Evelyn walked with him to the porch. “What will you tell Mama and Daddy?” she asked.

“I’ll think of something.” Suddenly he grinned. “How about: you were kidnapped by painted savages wearing nothing but banana leaves and bones in their noses to be sacrificed to their volcano god?”

“They might put you away.” She grinned in spite of herself.

“They certainly would if I told them the truth,” he said and grunted.

“Yeah, I guess the truth is to be avoided. There’s always the chance they might believe you. Then they’d be in danger too.”

He gnawed on his bottom lip for a moment, then raised his eyes. “Be careful, huh?” He took her hand and looked at her with such big-brotherly concern and love her eyes began to sting.

“Sure.” She squeezed his big strong hand. “Harold, thank you. I take back all the hateful things I ever thought about you.”

“Yeah,” he grunted. “’Bye, Evie. I’ll sneak some more food to you tomorrow.”

“Good-bye, Harold.”

He released her hand and walked away through the dry grass, sending grasshoppers buzzing away in panic. She watched him until he topped the rise. He turned once and waved, then went down the other side. She went back in the house and joined the others.

* * *

The Hindley house at night seemed to deserve its reputation among the small boys of Hawley. It looked haunted, and perhaps it was. What house had a better right to contain spirits that could not rest? Will Hindley had dreamed and worked for greatness, even empire, only to have the dream demolished on the verge of fulfillment by a drunken ranch hand. Even that wouldn’t have ended the dream; the dream would have continued through his son. But what the drunken ranch hand had begun, Hindley’s feckless wife and wastrel son had finished. What spirit had a better excuse for eternal unrest, seeing the center of his empire become a weather-beaten, termite-nibbled pile of lumber used to store hay?

Had the boys of Hawley seen the house that night, even the most doubting realist would have been convinced that it was haunted.

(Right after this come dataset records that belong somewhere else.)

(* Let $\mathcal{L}(\mathbf{x},y;\mathbf{w})=g(-y\langle\mathbf{w},\mathbf{x}\rangle)$ where $g:\mathbb{R}\to\mathbb{R}$ is non-decreasing, convex and almost-everywhere differentiable (with the integrals defining the IG below assumed well defined). Fix $y\in\{-1,+1\}$, $\mathbf{w}\in\mathbb{R}^d$, $\mathbf{x}\in\mathbb{R}^d$, $\varepsilon>0$, and let $\mathcal{L}_y:\mathbb{R}^d\to\mathbb{R}$ be $\mathcal{L}_y(\mathbf{z})=\mathcal{L}(\mathbf{z},y;\mathbf{w})$. Then $$\mathcal{L}(\mathbf{x},y;\mathbf{w})+\max_{\|\mathbf{x}'-\mathbf{x}\|_\infty\le\varepsilon}\big\|\mathrm{IG}^{\mathcal{L}_y}(\mathbf{x},\mathbf{x}')\big\|_1=\max_{\|\delta\|_\infty\le\varepsilon}\mathcal{L}(\mathbf{x}+\delta,y;\mathbf{w}).$$
   Context: For $F:\mathbb{R}^d\to\mathbb{R}$, input $\mathbf{x}$ and baseline $\mathbf{u}$, the Integrated Gradients attribution is the vector $\mathrm{IG}^F(\mathbf{x},\mathbf{u})$ with components $\mathrm{IG}_i^F(\mathbf{x},\mathbf{u}):=(x_i-u_i)\int_0^1\partial_iF(\mathbf{u}+\alpha(\mathbf{x}-\mathbf{u}))\,d\alpha$, where $\partial_iF$ is the partial derivative of $F$ in the $i$-th coordinate. In the claim, $\mathbf{x}'$ plays the role of the baseline. *)

theory Defs
  imports "HOL-Analysis.Analysis"
begin

definition loss :: "(real \<Rightarrow> real) \<Rightarrow> real^'n \<Rightarrow> real \<Rightarrow> real^'n \<Rightarrow> real" where
  "loss g x y w = g (- (y * (w \<bullet> x)))"

definition has_partial :: "(real^'n \<Rightarrow> real) \<Rightarrow> 'n \<Rightarrow> real^'n \<Rightarrow> bool" where
  "has_partial F i z \<longleftrightarrow> (\<exists>D. ((\<lambda>t. F (z + t *\<^sub>R axis i 1)) has_real_derivative D) (at 0))"

definition partial :: "(real^'n \<Rightarrow> real) \<Rightarrow> 'n \<Rightarrow> real^'n \<Rightarrow> real" where
  "partial F i z = deriv (\<lambda>t. F (z + t *\<^sub>R axis i 1)) 0"

definition IG :: "(real^'n \<Rightarrow> real) \<Rightarrow> real^'n \<Rightarrow> real^'n \<Rightarrow> 'n \<Rightarrow> real" where
  "IG F x u i = (x $ i - u $ i) *
     integral {0..1} (\<lambda>\<alpha>. partial F i (u + \<alpha> *\<^sub>R (x - u)))"

definition IG_well_defined :: "(real^'n \<Rightarrow> real) \<Rightarrow> real^'n \<Rightarrow> real^'n \<Rightarrow> bool" where
  "IG_well_defined F x u \<longleftrightarrow> (\<forall>i.
     negligible {\<alpha>\<in>{0..1}. \<not> has_partial F i (u + \<alpha> *\<^sub>R (x - u))} \<and>
     (\<lambda>\<alpha>. partial F i (u + \<alpha> *\<^sub>R (x - u))) integrable_on {0..1})"

definition IG_l1 :: "(real^'n \<Rightarrow> real) \<Rightarrow> real^'n \<Rightarrow> real^'n \<Rightarrow> real" where
  "IG_l1 F x u = (\<Sum>i\<in>UNIV. \<bar>IG F x u i\<bar>)"

definition linf_cball :: "real^'n \<Rightarrow> real \<Rightarrow> (real^'n) set" where
  "linf_cball x e = {z. \<forall>i. \<bar>z $ i - x $ i\<bar> \<le> e}"

definition is_max :: "real set \<Rightarrow> real \<Rightarrow> bool" where
  "is_max S m \<longleftrightarrow> m \<in> S \<and> (\<forall>s\<in>S. s \<le> m)"

end

theory Submission
  imports Defs
begin

text \<open>The loss is the ridge function z \<mapsto> g (v \<bullet> z) with v = -y w. For a ridge function the l1
  norm of IG along the segment from u to x is (\<Sum>i. \<bar>x$i - u$i\<bar> \<bar>v$i\<bar>) times the mean of g' between
  v \<bullet> u and v \<bullet> x, and for convex g this mean is the slope of the chord of g over that interval.
  Since \<bar>v \<bullet> x - v \<bullet> u\<bar> \<le> \<Sum>i. \<bar>x$i - u$i\<bar> \<bar>v$i\<bar> \<le> A := \<epsilon> \<Sum>i. \<bar>v$i\<bar> on the box, convexity and monotonicity
  bound the attribution by A times the slope of the chord from v \<bullet> x to v \<bullet> x + A, that is by
  g (v \<bullet> x + A) - g (v \<bullet> x). The corner x + \<epsilon> sgn v attains this bound as a baseline and, as a
  perturbation, maximises the loss with value g (v \<bullet> x + A).\<close>

lemma integral_le_off_negligible:
  fixes f g :: "'a::euclidean_space \<Rightarrow> real"
  assumes "f integrable_on S" "g integrable_on S" "negligible N"
    and "\<And>x. x \<in> S - N \<Longrightarrow> f x \<le> g x"
  shows "integral S f \<le> integral S g"
proof -
  define f' where "f' x = (if x \<in> N then g x else f x)" for x
  have "integral S f = integral S f'"
    by (rule integral_spike[OF \<open>negligible N\<close>]) (simp add: f'_def)
  also have "\<dots> \<le> integral S g"
  proof (rule integral_le)
    show "f' integrable_on S"
      by (rule integrable_spike[OF \<open>f integrable_on S\<close> \<open>negligible N\<close>]) (simp add: f'_def)
  qed (use assms in \<open>auto simp: f'_def\<close>)
  finally show ?thesis .
qed

lemma integral_difference_quotient_tendsto:
  fixes f :: "real \<Rightarrow> real"
  assumes contf: "continuous_on UNIV f" and "a \<le> b"
  shows "((\<lambda>h. integral {a..b} (\<lambda>t. (f (t + h) - f t) / h)) \<longlongrightarrow> f b - f a) (at 0)"
proof -
  have intf: "f integrable_on {c..d}" for c d
    by (rule integrable_continuous_interval, rule continuous_on_subset[OF contf]) auto
  define P where "P t = integral {a - 1..t} f" for t
  have P_deriv: "(P has_real_derivative f t) (at t)" if "a - 1 < t" for t
  proof -
    have "(P has_real_derivative f t) (at t within {a - 1..t + 1})"
      unfolding P_def using that
      by (intro integral_has_real_derivative continuous_on_subset[OF contf]) auto
    moreover have "t \<in> interior {a - 1..t + 1}" using that by auto
    ultimately show ?thesis using at_within_interior[of t "{a - 1..t + 1}"] by simp
  qed
  have P_quotient: "((\<lambda>h. (P (c + h) - P c) / h) \<longlongrightarrow> f c) (at 0)" if "a - 1 < c" for c
  proof -
    have "((\<lambda>h. P (h + c)) has_real_derivative f c) (at 0)"
      using P_deriv[OF that] DERIV_shift[of P "f c" 0 c] by simp
    thus ?thesis unfolding has_field_derivative_iff by (simp add: add.commute)
  qed
  have P_diff: "integral {c..d} f = P d - P c" if "a - 1 \<le> c" "c \<le> d" for c d
    unfolding P_def using Henstock_Kurzweil_Integration.integral_combine[OF that intf] by simp
  have "integral {a..b} (\<lambda>t. (f (t + h) - f t) / h) = (P (b + h) - P b) / h - (P (a + h) - P a) / h"
    if "\<bar>h\<bar> < 1" for h
  proof -
    have shifted: "integral {a..b} (\<lambda>t. f (t + h)) = integral {a + h..b + h} f"
      using integral_shift_Icc_real[of a b f h] by (simp add: o_def add.commute)
    have "(\<lambda>t. f (t + h)) integrable_on {a..b}"
      by (rule integrable_continuous_interval, rule continuous_on_compose2[OF contf])
        (auto intro!: continuous_intros)
    then have "integral {a..b} (\<lambda>t. (f (t + h) - f t) / h)
        = (integral {a + h..b + h} f - integral {a..b} f) / h"
      using integral_diff[OF _ intf] shifted by simp
    also have "\<dots> = (P (b + h) - P b) / h - (P (a + h) - P a) / h"
      using that \<open>a \<le> b\<close> by (simp add: P_diff abs_less_iff diff_divide_distrib)
    finally show ?thesis .
  qed
  then have "\<forall>\<^sub>F h in at 0. (P (b + h) - P b) / h - (P (a + h) - P a) / h
      = integral {a..b} (\<lambda>t. (f (t + h) - f t) / h)"
    unfolding eventually_at by (auto intro!: exI[of _ 1] simp: dist_real_def)
  moreover have "((\<lambda>h. (P (b + h) - P b) / h - (P (a + h) - P a) / h) \<longlongrightarrow> f b - f a) (at 0)"
    using \<open>a \<le> b\<close> by (intro tendsto_diff P_quotient) auto
  ultimately show ?thesis by (rule Lim_transform_eventually[rotated])
qed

It reared up from the flat prairie in a black Gothic pile silvered by the moon. Ghost clouds streaked the sky. The air sparkled and glittered with fireflies, entwining the house like wandering souls.

Inside the house, immune to the spell, all of them slept except Angel. Henry and Tim slept uncomfortably on the hard floor, resting fitfully, having worried dreams. Tim slept close by Henry, touching him, fearful because they had seen evidence that owls roosted in the house and, worse, gnawed bones where four-legged predators had visited the ruined rooms.